YOUR INSTRUCTIONS: Below is a listing. Quote from it, exactly, the lines from the one containing "last occurrence of" down to the one containing "section \<open>Gaussian binomial", both ends included, and nothing else.

EXTRACTED DATA:
(* Let $k,n\ge1$, let $I$ be a composition of $k+n$, and let $I'$ be the composition of $n$ with $\mathrm{Des}(I')=\{a\ge1: k+a\in\mathrm{Des}(I)\}$. Let $v=1^{i'_1}2^{i'_2}\cdots$ be the nondecreasing word of evaluation $I'=(i'_1,i'_2,\dots)$. Let $r=\ell(I)$, let $K$ be the composition of $k$ with $\mathrm{Des}(K)=\mathrm{Des}(I)\cap[1,k-1]$ and $s=\ell(K)$. Then the coefficient of $\Psi_I$ in $\zeta(\tilde S_k\star_q\mathbf M_v)$ is the Gaussian binomial coefficient $\begin{bmatrix}k+r-s\\ r-s\end{bmatrix}_q$.
   Context: Compositions: positive integers with given sum; $\ell(I)$ number of parts; $\mathrm{Des}(I)$ the set of partial sums other than the total. Over $\mathbb K(q)$ ($\mathrm{char}\,\mathbb K=0$): packed words are words with letter set $\{1,\dots,m\}$; $\mathrm{pack}$ replaces the $t$-th smallest letter by $t$. For a packed word $w$ of length $N$: $\mathrm{WC}(w)$ is the composition of $N$ whose descent set is the set of positions $p<N$ with $w_p$ not occurring in $w_{p+1}\cdots w_N$; $\mathrm{sinv}(w)=\#\{i<j:w_i>w_j,\ w_j\text{ not occurring in }w_{j+1}\cdots w_N\}$. $\mathbf{WQSym}$ has basis $\mathbf M_u$ with $\mathbf M_{u'}\mathbf M_{u''}=\sum\mathbf M_u$ over packed $u=x\cdot y$ with $\mathrm{pack}(x)=u'$, $\mathrm{pack}(y)=u''$; $\mathbf M_{u'}\star_q\mathbf M_{u''}=\sum q^{\mathrm{sinv}(u)-\mathrm{sinv}(u')-\mathrm{sinv}(u'')}\mathbf M_u$ over the same $u$. $\mathbf{Sym}$ is the quotient by the span of $\mathbf M_u-\mathbf M_{u'}$ with $\mathrm{WC}(u)=\mathrm{WC}(u')$, $\zeta$ the quotient map, $\Psi_I=\zeta(\mathbf M_u)$ for $\mathrm{WC}(u)=I$ (a basis). $\tilde S_k=\sum\mathbf M_u$ over nondecreasing packed words $u$ of length $k$. *)

theory Defs
  imports "HOL-Computational_Algebra.Polynomial" "HOL-Computational_Algebra.Fraction_Field"
begin

definition is_comp :: "nat list \<Rightarrow> bool" where
  "is_comp I \<longleftrightarrow> (\<forall>x\<in>set I. 0 < x)"

definition Des :: "nat list \<Rightarrow> nat set" where
  "Des I = {sum_list (take j I) | j. 0 < j \<and> j < length I}"

(* the composition of N (N >= 1) whose descent set is D \<inter> [1, N-1] *)
definition comp_of :: "nat \<Rightarrow> nat set \<Rightarrow> nat list" where
  "comp_of N D = (let ps = sorted_list_of_set ({p\<in>D. 0 < p \<and> p < N} \<union> {N})
                  in map (\<lambda>(a,b). b - a) (zip (0 # ps) ps))"

definition packed :: "nat list \<Rightarrow> bool" where
  "packed w \<longleftrightarrow> set w = {1..card (set w)}"

definition pack :: "nat list \<Rightarrow> nat list" where
  "pack w = map (\<lambda>x. card {y\<in>set w. y \<le> x}) w"

(* positions p < N (1-based) such that w_p does not occur in w_{p+1} ... w_N *)
definition wdes :: "nat list \<Rightarrow> nat set" where
  "wdes w = {p. 1 \<le> p \<and> p < length w \<and> w ! (p - 1) \<notin> set (drop p w)}"

definition WC :: "nat list \<Rightarrow> nat list" where
  "WC w = comp_of (length w) (wdes w)"

(* 0-based indices *)
definition sinv :: "nat list \<Rightarrow> nat" where
  "sinv w = card {(i, j). i < j \<and> j < length w \<and> w ! i > w ! j
                      \<and> w ! j \<notin> set (drop (Suc j) w)}"

definition nondec_word :: "nat list \<Rightarrow> nat list" where
  "nondec_word J = concat (map (\<lambda>j. replicate (J ! j) (Suc j)) [0..<length J])"

definition qX :: "'a::field_char_0 poly fract" where
  "qX = Fract [:0, 1:] 1"

(* elements of WQSym over K(q): coefficient functions in the basis M_u (u packed) *)
type_synonym 'a wqsym = "nat list \<Rightarrow> 'a poly fract"

definition M :: "nat list \<Rightarrow> 'a::field_char_0 wqsym" where
  "M v = (\<lambda>u. if u = v then 1 else 0)"

definition S_tilde :: "nat \<Rightarrow> 'a::field_char_0 wqsym" where
  "S_tilde k = (\<lambda>u. if packed u \<and> length u = k \<and> sorted u then 1 else 0)"

(* the q-deformed product, extended bilinearly:
   M_{u'} *q M_{u''} = sum over packed u = x.y, pack x = u', pack y = u''
   of q^(sinv u - sinv u' - sinv u'') M_u *)
definition qstar :: "'a::field_char_0 wqsym \<Rightarrow> 'a wqsym \<Rightarrow> 'a wqsym" where
  "qstar f g = (\<lambda>u. if packed u then
      (\<Sum>i\<in>{0..length u}. f (pack (take i u)) * g (pack (drop i u)) *
          qX powi (int (sinv u) - int (sinv (pack (take i u))) - int (sinv (pack (drop i u)))))
     else 0)"

(* coefficient of Psi_I in zeta(f): since zeta(M_u) = Psi_{WC(u)} and the Psi_I form a basis *)
definition psi_coeff :: "nat list \<Rightarrow> 'a::field_char_0 wqsym \<Rightarrow> 'a poly fract" where
  "psi_coeff I f = (\<Sum>u\<in>{u. packed u \<and> length u = sum_list I \<and> WC u = I}. f u)"

definition qint :: "nat \<Rightarrow> 'a::field_char_0 poly fract" where
  "qint m = (\<Sum>i<m. qX ^ i)"

definition qfact :: "nat \<Rightarrow> 'a::field_char_0 poly fract" where
  "qfact m = (\<Prod>i\<in>{1..m}. qint i)"

definition qbinom :: "nat \<Rightarrow> nat \<Rightarrow> 'a::field_char_0 poly fract" where
  "qbinom N m = (if m \<le> N then qfact N / (qfact m * qfact (N - m)) else 0)"

end

theory Submission
  imports Defs "HOL-Library.Product_Lexorder"
begin

text \<open>
  As \<open>S~_k\<close> and \<open>M_v\<close> are sums over nondecreasing words, the coefficient of \<open>Psi_I\<close> is the sum
  of \<open>q^sinv(u)\<close> over the packed words \<open>u = x y\<close> with \<open>WC(u) = I\<close>, \<open>x\<close> nondecreasing of
  length \<open>k\<close> and \<open>pack(y) = v\<close>. Let \<open>Y\<close> be the set of letters of \<open>y\<close> and \<open>h_i\<close> the number
  of letters of \<open>Y\<close> below \<open>x_i\<close>. The pairs counted by \<open>sinv(u)\<close> join a letter of \<open>x\<close> to the
  last occurrence of a smaller letter of \<open>y\<close>, so \<open>sinv(u) = h_1 + ... + h_k\<close>. The list \<open>h\<close> is
  nondecreasing with entries below \<open>c = l(I') + [k \<in> Des I]\<close>, and it determines \<open>u\<close>: the
  letters of \<open>x\<close> missing from \<open>Y\<close> are separated by the descents of \<open>I\<close> inside \<open>x\<close>.
  Conversely every such list arises, so the coefficient is the generating function
  \<open>[k + c - 1, c - 1]_q\<close> of nondecreasing lists of length \<open>k\<close> with entries below \<open>c\<close>,
  and \<open>c - 1 = r - s\<close>.
\<close>

section \<open>Gaussian binomial coefficients and bounded nondecreasing lists\<close>

lemma qint_add: "qint (a + b) = (qint a + qX ^ a * qint b :: 'a::field_char_0 poly fract)"
  by (induction b) (simp_all add: qint_def algebra_simps power_add)

lemma Fract_power: "Fract p 1 ^ i = Fract (p ^ i) (1::'a::idom)"
  by (induction i) (simp_all add: One_fract_def mult_fract)

lemma qint_nonzero:
  assumes "m \<ge> 1" shows "qint m \<noteq> (0::'a::field_char_0 poly fract)"
proof -
  have "qint m = Fract (\<Sum>i<m. [:0,1:] ^ i) (1::'a poly)"
    unfolding qint_def qX_def
    by (induction m) (simp_all add: Fract_power Zero_fract_def add_fract)
  moreover have "poly (\<Sum>i<m. [:0,1:] ^ i) 1 = (of_nat m :: 'a)"
    by (induction m) (simp_all add: poly_sum)
  ultimately show ?thesis
    using assms by (auto simp: eq_fract Zero_fract_def)
qed

lemma qfact_0 [simp]: "qfact 0 = 1"
  by (simp add: qfact_def)

lemma qfact_Suc: "qfact (Suc m) = qfact m * qint (Suc m)"
  unfolding qfact_def by (simp add: atLeastAtMostSuc_conv mult.commute)

lemma qfact_nonzero: "qfact m \<noteq> (0::'a::field_char_0 poly fract)"
  by (induction m) (simp_all add: qfact_Suc qint_nonzero)

lemma qbinom_0_right [simp]: "qbinom m 0 = (1::'a::field_char_0 poly fract)"
  by (simp add: qbinom_def qfact_nonzero)

lemma qbinom_self [simp]: "qbinom m m = (1::'a::field_char_0 poly fract)"
  by (simp add: qbinom_def qfact_nonzero)

lemma qbinom_Suc_Suc:
  "qbinom (Suc j + Suc k) (Suc j) =
     qbinom (j + Suc k) (Suc j) + qX ^ Suc k * (qbinom (j + Suc k) j :: 'a::field_char_0 poly fract)"
proof -
  define A B C :: "'a poly fract" where "A = qfact j" and "B = qfact k" and "C = qfact (j + Suc k)"
  define a b :: "'a poly fract" where "a = qint (Suc j)" and "b = qint (Suc k)"
  have nz: "A \<noteq> 0" "B \<noteq> 0" "C \<noteq> 0" "a \<noteq> 0" "b \<noteq> 0"
    unfolding A_def B_def C_def a_def b_def by (simp_all add: qfact_nonzero qint_nonzero)
  have "qfact (Suc j + Suc k) = C * qint (Suc j + Suc k)"
    unfolding C_def by (metis add_Suc qfact_Suc)
  also have "qint (Suc j + Suc k) = b + qX ^ Suc k * a"
    unfolding a_def b_def by (metis qint_add add.commute)
  finally have l: "qbinom (Suc j + Suc k) (Suc j) = C * (b + qX ^ Suc k * a) / (A * a * (B * b))"
    unfolding qbinom_def A_def B_def a_def b_def by (simp add: qfact_Suc)
  have r1: "qbinom (j + Suc k) (Suc j) = C / (A * a * B)"
    unfolding qbinom_def A_def B_def C_def a_def by (simp add: qfact_Suc)
  have r2: "qbinom (j + Suc k) j = C / (A * (B * b))"
    unfolding qbinom_def A_def B_def C_def b_def by (simp add: qfact_Suc)
  have "C * (b + x * a) / (A * a * (B * b)) = C / (A * a * B) + x * (C / (A * (B * b)))" for x
    using nz by (simp add: field_simps)
  from this[of "qX ^ Suc k"] show ?thesis
    by (simp only: l r1 r2)
qed

definition sorted_lists_below :: "nat \<Rightarrow> nat \<Rightarrow> nat list set" where
  "sorted_lists_below k c = {h. length h = k \<and> sorted h \<and> (\<forall>a\<in>set h. a < c)}"

lemma finite_sorted_lists_below: "finite (sorted_lists_below k c)"
proof (rule finite_subset)
  show "sorted_lists_below k c \<subseteq> {h. set h \<subseteq> {..<c} \<and> length h = k}"
    unfolding sorted_lists_below_def by auto
qed (simp add: finite_lists_length_eq)

lemma nth_less_sorted_lists_below: "h \<in> sorted_lists_below k c \<Longrightarrow> i < k \<Longrightarrow> h ! i < c"
  unfolding sorted_lists_below_def by (auto dest: nth_mem)

lemma sorted_lists_below_0: "sorted_lists_below 0 c = {[]}"
  unfolding sorted_lists_below_def by auto

lemma sorted_lists_below_1: "sorted_lists_below k (Suc 0) = {replicate k 0}"
  unfolding sorted_lists_below_def by (auto simp: replicate_eqI)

TASK ANSWER:
  last occurrence of a smaller letter of \<open>y\<close>, so \<open>sinv(u) = h_1 + ... + h_k\<close>. The list \<open>h\<close> is
  nondecreasing with entries below \<open>c = l(I') + [k \<in> Des I]\<close>, and it determines \<open>u\<close>: the
  letters of \<open>x\<close> missing from \<open>Y\<close> are separated by the descents of \<open>I\<close> inside \<open>x\<close>.
  Conversely every such list arises, so the coefficient is the generating function
  \<open>[k + c - 1, c - 1]_q\<close> of nondecreasing lists of length \<open>k\<close> with entries below \<open>c\<close>,
  and \<open>c - 1 = r - s\<close>.
\<close>

section \<open>Gaussian binomial coefficients and bounded nondecreasing lists\<close>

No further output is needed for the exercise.